Need For TICP Approach in Human Services
- info9420549
- Oct 15, 2024
- 5 min read

The Productivity Commission (2016) was tasked with preparing a report examining the potential for increased efficiency in human services through competition and user choice, following directives from then Treasurer Scott Morrison. The subsequent stresses, tragedies, and financial ramifications associated with the Robodebt scheme highlight the need for integrating trauma-informed frameworks and policies across the social sector (RANZP, 2023; Human Rights Commission, 2024).
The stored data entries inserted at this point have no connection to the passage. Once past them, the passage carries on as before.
lemma nn_cond_exp_affine_bound:
  assumes [measurable]: "U \<in> borel_measurable M" "Z \<in> borel_measurable M"
    "a \<in> borel_measurable F" "b \<in> borel_measurable F" "c \<in> borel_measurable F"
    and bound: "\<And>x. x \<in> space M \<Longrightarrow> U x + a x \<le> b x + c x * Z x"
  shows "AE x in M. nn_cond_exp M F U x + a x \<le> b x + c x * nn_cond_exp M F Z x"
proof -
  have [measurable]: "a \<in> borel_measurable M" "b \<in> borel_measurable M" "c \<in> borel_measurable M"
    by (rule measurable_from_subalg[OF subalg], measurable)+
  have "AE x in M. nn_cond_exp M F (\<lambda>x. U x + a x) x \<le> nn_cond_exp M F (\<lambda>x. b x + c x * Z x) x"
    by (rule nn_cond_exp_mono) (auto simp: bound)
  moreover have "AE x in M. nn_cond_exp M F U x + nn_cond_exp M F a x = nn_cond_exp M F (\<lambda>x. U x + a x) x"
    by (rule nn_cond_exp_sum) measurable
  moreover have "AE x in M. nn_cond_exp M F b x + nn_cond_exp M F (\<lambda>x. c x * Z x) x
      = nn_cond_exp M F (\<lambda>x. b x + c x * Z x) x"
    by (rule nn_cond_exp_sum) measurable
  moreover have "AE x in M. a x = nn_cond_exp M F a x" "AE x in M. b x = nn_cond_exp M F b x"
    by (rule nn_cond_exp_F_meas, measurable)+
  moreover have "AE x in M. c x * nn_cond_exp M F Z x = nn_cond_exp M F (\<lambda>x. c x * Z x) x"
    by (rule nn_cond_exp_prod) measurable
  ultimately show ?thesis by eventually_elim simp
qed

lemma lnq_cond_exp_expq_mono:
  assumes q: "q \<le> 1" "0 \<le> q" and [measurable]: "Y1 \<in> borel_measurable M" "Y2 \<in> borel_measurable M"
    and Y: "\<And>x. -1 \<le> Y1 x" "\<And>x. Y1 x \<le> Y2 x"
  shows "AE x in M. lnq q (nn_cond_exp M F (\<lambda>x. ennreal (expq q (Y1 x))) x)
                   \<le> lnq q (nn_cond_exp M F (\<lambda>x. ennreal (expq q (Y2 x))) x)"
proof -
  have "AE x in M. nn_cond_exp M F (\<lambda>x. ennreal (expq q (Y1 x))) x
                 \<le> nn_cond_exp M F (\<lambda>x. ennreal (expq q (Y2 x))) x"
    using q Y by (intro nn_cond_exp_mono AE_I2 ennreal_leI expq_mono) auto
  then show ?thesis by eventually_elim (rule lnq_mono[OF q(1)])
qed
The Commission did not consider trauma-informed care and practice (TICP) as a strategy to alleviate service burdens, reduce worker burnout, mitigate secondary (vicarious) trauma, or improve individual outcomes and national productivity (Productivity Commission, 2020; Bateman et al., 2014).
Robodebt cost taxpayers over half a billion dollars for implementation, with additional compensation costs resulting from a class action amounting to twice this figure (Henriques-Gomes, 2021). The Royal Commission confirmed that Robodebt was "a crude and cruel mechanism, neither fair nor legal… people were traumatised," labelling it "a costly failure of public administration in both human and economic terms" (Albanese, 2023). The Royal Australian and New Zealand College of Psychiatrists (RANZCP) recommended that Services Australia adopt trauma-informed approaches for managing claims from individuals reporting mental health conditions and First Nations people (guided by lived experience), and that trauma-informed practice be integrated into training, recruitment, and funding (RANZCP, 2023).
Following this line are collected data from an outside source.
lemma tail_saturated_cofactor_lex_maximal:
  assumes "tail_saturated n \<tau> w" "\<tau> \<in> deg_divisors n d w" "m \<in> deg_divisors n d w"
    "sum w {..<n} = 2 * d"
  shows "\<not> lexless n (\<lambda>i. w i - \<tau> i) m"
proof
  let ?R = "\<lambda>i. w i - \<tau> i"
  assume "lexless n ?R m"
  then obtain j where j: "j < n" "\<forall>i<j. ?R i = m i" "?R j < m j" by (auto simp: lexless_def)
  have le: "\<forall>i. \<tau> i \<le> w i" "\<forall>i. m i \<le> w i" using assms(2,3) by (auto simp: deg_divisors_def)
  have "sum ?R {..<n} = d"
    using sum_subtractf_nat[of "{..<n}" \<tau> w] le(1) assms(2,4) by (auto simp: deg_divisors_def V_def)
  then obtain t where t: "j < t" "t < n" "m t < ?R t"
    using same_sum_tail_excess[of ?R n m j] j assms(3) by (auto simp: deg_divisors_def V_def)
  have "0 < \<tau> j" using j(3) le(2)[rule_format, of j] by linarith
  then have "w t \<le> \<tau> t" using assms(1) j t unfolding tail_saturated_def by auto
  then show False using t by simp
qed

lemma lex_minimal_divisor_avoiding:
  assumes "m \<in> deg_divisors n d w" "m \<noteq> a" "lexless n m x"
  obtains \<mu> where "\<mu> \<in> deg_divisors n d w" "\<mu> \<noteq> a" "lexless n \<mu> x"
    "\<forall>b\<in>deg_divisors n d w. b \<noteq> a \<longrightarrow> \<not> lexless n b \<mu>"
proof -
  obtain \<mu> where \<mu>: "\<mu> \<in> deg_divisors n d w - {a}" "\<forall>b\<in>deg_divisors n d w - {a}. \<not> lexless n b \<mu>"
    using lex_minimal_exists[of "deg_divisors n d w - {a}" n] finite_deg_divisors assms(1,2)
    by blast
  then have "\<mu> = m \<or> lexless n \<mu> m"
    using lexless_total[of n \<mu> m] assms(1,2) by (auto simp: deg_divisors_def V_def)
  then show thesis using that \<mu> assms(3) lexless_trans by blast
qed

lemma tail_saturated_vanishes_below:
  assumes "tail_saturated n y w" "\<zeta> < n" "y \<zeta> < w \<zeta>"
  shows "\<forall>i<\<zeta>. y i = 0"
  using assms unfolding tail_saturated_def by (meson not_le not_gr0)

lemma lexless_cofactor_support:
  assumes "m \<in> V n d" "x \<in> V n d" "\<forall>i. m i \<le> x i + w i" "lexless n m x"
  shows "\<exists>u t. u < t \<and> t < n \<and> 1 \<le> x u \<and> 1 \<le> w t"
proof -
  obtain j where j: "j < n" "\<forall>i<j. m i = x i" "m j < x j" using assms(4) by (auto simp: lexless_def)
  obtain t where t: "j < t" "t < n" "x t < m t"
    using same_sum_tail_excess[of m n x j] j assms(1,2) by (auto simp: V_def)
  have "1 \<le> w t" using assms(3)[rule_format, of t] t by linarith
  moreover have "1 \<le> x j" using j by linarith
  ultimately show ?thesis using t by blast
qed

section \<open>Chains and the faces of a facet\<close>

lemma node_0: "node ls 0 = (\<lambda>_. 0)"
  by (simp add: node_def)

lemma node_Suc: "node ls (Suc j) = (\<lambda>t. node ls j t + (ls ! j) t)"
  by (simp add: node_def)

lemma sum_node:
  assumes "set ls \<subseteq> V n d" "j \<le> length ls"
  shows "sum (node ls j) {..<n} = d * j"
  using assms(2)
proof (induction j)
  case 0
  then show ?case by (simp add: node_0)
next
  case (Suc j)
  then have "ls ! j \<in> V n d" using assms(1) by (auto dest: nth_mem)
  then show ?case using Suc by (auto simp: node_Suc V_def sum.distrib)
qed

lemma chains_same_length:
  assumes "p \<in> chains n d lam" "q \<in> chains n d lam" "0 < d"
  shows "length q = length p"
proof -
  have "sum lam {..<n} = d * length p" "sum lam {..<n} = d * length q"
    using sum_node[of p n d "length p"] sum_node[of q n d "length q"] assms(1,2)
    by (auto simp: chains_def)
  then show ?thesis using assms(3) by simp
qed

lemma node_eq_imp_index_eq:
  assumes "set p \<subseteq> V n d" "set q \<subseteq> V n d" "0 < d" "j \<le> length p" "j' \<le> length q"
    "node q j' = node p j"
  shows "j' = j"
proof -
  have "sum (node q j') {..<n} = d * j'" "sum (node p j) {..<n} = d * j"
    using sum_node[OF assms(1,4)] sum_node[OF assms(2,5)] by auto
  then show ?thesis using assms(3,6) by simp
qed

lemma link_eq_of_node_eq:
  assumes "node q m = node p m" "node q (Suc m) = node p (Suc m)"
  shows "q ! m = p ! m"
proof
  fix t
  have "node q m t + (q ! m) t = node p m t + (p ! m) t"
    using assms(2) by (simp add: node_Suc fun_eq_iff)
  then show "(q ! m) t = (p ! m) t" using assms(1) by simp
qed

lemma node_eq_of_prefix:
  assumes "\<forall>m<j. q ! m = p ! m"
  shows "node q j = node p j"
  using assms by (auto simp: node_def fun_eq_iff intro!: sum.cong)

lemma node_eq_of_pair_replacement:
  assumes "\<forall>m<j. m \<noteq> h \<longrightarrow> m \<noteq> Suc h \<longrightarrow> q ! m = p ! m"
    "\<forall>t. (q ! h) t + (q ! Suc h) t = (p ! h) t + (p ! Suc h) t"
    "Suc (Suc h) \<le> j"
  shows "node q j = node p j"
  using assms(3,1)
proof (induction j rule: dec_induct)
  case base
  have "node q h = node p h" using base by (intro node_eq_of_prefix) auto
  then show ?case using assms(2) by (simp add: node_Suc fun_eq_iff add.assoc)
next
  case (step j)
  then have "node q j = node p j" by auto
  moreover have "q ! j = p ! j" using step by auto
  ultimately show ?case by (simp add: node_Suc)
qed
According to Kezelman (2021), TICP is a strengths-oriented framework grounded in core principles: safety, trustworthiness, choice, collaboration, empowerment, and respect for diversity. It emphasises the principle of “do no harm,” highlighting the importance of avoiding re-traumatisation and refraining from attributing blame for trauma responses. Instead, TICP promotes a message of hope and optimism about the potential for recovery. In this framework, trauma survivors are recognised as “unique individuals who have experienced extremely abnormal situations” and managing their circumstances as best they can (Kezelman, 2021).
This approach shifts the focus from diagnostic labels to understanding the experiences of trauma survivors, recognising emotional, relational, and physical symptoms that are often overlooked (Kezelman & Stavropoulos, 2019). To implement best practices for working with trauma survivors (Evans & Coccoma, 2014), comprehensive policy reforms are necessary (see Bateman et al., 2014; Wall et al., 2016; McNaughton et al., 2022). While TICP has gained international momentum since the mid-1990s, health and human service practitioners in Australia have been slow to adapt (McNaughton et al., 2022; Bateman et al., 2014).
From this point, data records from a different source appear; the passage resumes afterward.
lemma continuous_R:
  assumes g: "g \<in> cfun K"
  shows "continuous_map L euclideanreal (R g)"
  unfolding continuous_map_real_iff_eps
proof (intro ballI allI impI)
  fix y e assume y: "y \<in> topspace L" and e: "(e::real) > 0"
  show "\<exists>U. openin L U \<and> y \<in> U \<and> (\<forall>z\<in>U. \<bar>R g z - R g y\<bar> < e)"
  proof (cases "y \<in> L1")
    case False
    then have "openin L {y}" using y openin_I_singleton by (simp add: I_def)
    then show ?thesis using e by auto
  next
    case True
    have "continuous_map L1_top euclideanreal (lift g)" using cfun_van_cont[OF lift_in[OF g]] .
    then have "\<exists>U1. openin L1_top U1 \<and> y \<in> U1 \<and> (\<forall>z\<in>U1. \<bar>lift g z - lift g y\<bar> < e)"
      using y True e unfolding continuous_map_real_iff_eps by auto
    then obtain U1 where U1: "openin L1_top U1" "y \<in> U1" "\<forall>z\<in>U1. \<bar>lift g z - lift g y\<bar> < e"
      by blast
    then obtain T where T: "openin L T" "U1 = T \<inter> L1" by (auto simp: openin_subtopology)
    obtain U2 where U2: "openin L U2" "y \<in> U2"
      "\<forall>x\<in>U2 \<inter> I. \<bar>\<sigma> x * H g (h x) - lift g y\<bar> < e"
      using R_near_L1[OF g True e] by blast
    have "\<bar>R g z - R g y\<bar> < e" if z: "z \<in> T \<inter> U2" for z
    proof (cases "z \<in> L1")
      case True
      then show ?thesis using z T(2) U1(3) \<open>y \<in> L1\<close> by (auto simp: R_def)
    next
      case False
      then have "z \<in> I" using z openin_subset[OF U2(1)] by (auto simp: I_def)
      then show ?thesis using z U2(3) False \<open>y \<in> L1\<close> by (auto simp: R_def)
    qed
    moreover have "openin L (T \<inter> U2)" "y \<in> T \<inter> U2" using T U1 U2 by auto
    ultimately show ?thesis by blast
  qed
qed

lemma bounded_left_inverse_R: "bounded_left_inverse K L F S R"
proof -
  have "R g \<in> V" if g: "g \<in> cfun K" for g
  proof -
    have "R g x = 0" if "x \<notin> topspace L \<or> x \<in> F" for x
      using that L1_subset F_subset_L1 lift_in[OF g] by (auto simp: R_def I_def cfun_van_def)
    then show ?thesis using continuous_R[OF g] by (auto simp: cfun_van_def cfun_def)
  qed
  then have "lin_op (cfun K) V R" unfolding lin_op_def using R_add R_scale by blast
  then show ?thesis
    unfolding bounded_left_inverse_def bdd_lin_op_def using R_bound R_left_inverse by blast
qed

end

section \<open>Complementation\<close>

lemma bounded_left_inverse_exists:
  assumes "compact_space K" "extension_property K"
    and "compact_space L" "Hausdorff_space L" "closedin L F"
    and "lin_op (cfun_van L F) (cfun K) S" "\<forall>f\<in>cfun_van L F. supnorm K (S f) = supnorm L f"
    and "cb_deriv L n \<subseteq> F"
  shows "\<exists>R. bounded_left_inverse K L F S R"
  using assms
proof (induction n arbitrary: K L S)
  case 0
  then show ?case using bounded_left_inverse_trivial by fastforce
next
  case (Suc n)
  interpret derived_layer K L F S
    using Suc.prems by unfold_locales auto
  obtain R1 where "bounded_left_inverse K1_top L1_top F S1 R1"
    using Suc.IH[OF _ extension_K1 _ _ _ _ _ cb_deriv_L1[OF Suc.prems(8)]]
      isometric_embedding_L1 unfolding isometric_embedding_def by blast
  then interpret derived_layer_inverse K L F S R1
    by unfold_locales
  show ?case using bounded_left_inverse_R by blast
qed

lemma complemented_range_if_bounded_left_inverse:
  assumes S: "lin_op (cfun_van L F) (cfun K) S"
    and iso: "\<forall>f\<in>cfun_van L F. supnorm K (S f) = supnorm L f"
    and R: "bounded_left_inverse K L F S R"
  shows "complemented K (S ` cfun_van L F)"
proof -
  obtain M where linR: "lin_op (cfun K) (cfun_van L F) R"
    and M: "\<forall>g\<in>cfun K. supnorm L (R g) \<le> M * supnorm K g"
    and inv: "\<forall>f\<in>cfun_van L F. R (S f) = f"
    using R unfolding bounded_left_inverse_def bdd_lin_op_def by blast
  have "lin_op (cfun K) (cfun K) (\<lambda>g. S (R g))" using lin_op_compose[OF linR S] .
  moreover have "\<forall>g\<in>cfun K. supnorm K (S (R g)) \<le> M * supnorm K g"
    using M iso lin_op_into[OF linR] by simp
  moreover have "(\<lambda>g. S (R g)) ` cfun K \<subseteq> S ` cfun_van L F" using lin_op_into[OF linR] by blast
  moreover have "\<forall>y\<in>S ` cfun_van L F. S (R y) = y" using inv by auto
  ultimately show ?thesis unfolding complemented_def bdd_lin_op_def by blast
qed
Recognising the traumatic impact of adverse events and understanding the connections between trauma and mental health challenges are essential for creating safe, recovery-oriented environments (McLaughlan, 2024). This approach emphasises the importance of engagement and responsiveness at all stages of service provision, as well as the context in which services are delivered (Kezelman & Stavropoulos, 2019). Trauma specialists argue that without this paradigm shift, evidence-based treatments are less effective (Kezelman & Stavropoulos, 2019).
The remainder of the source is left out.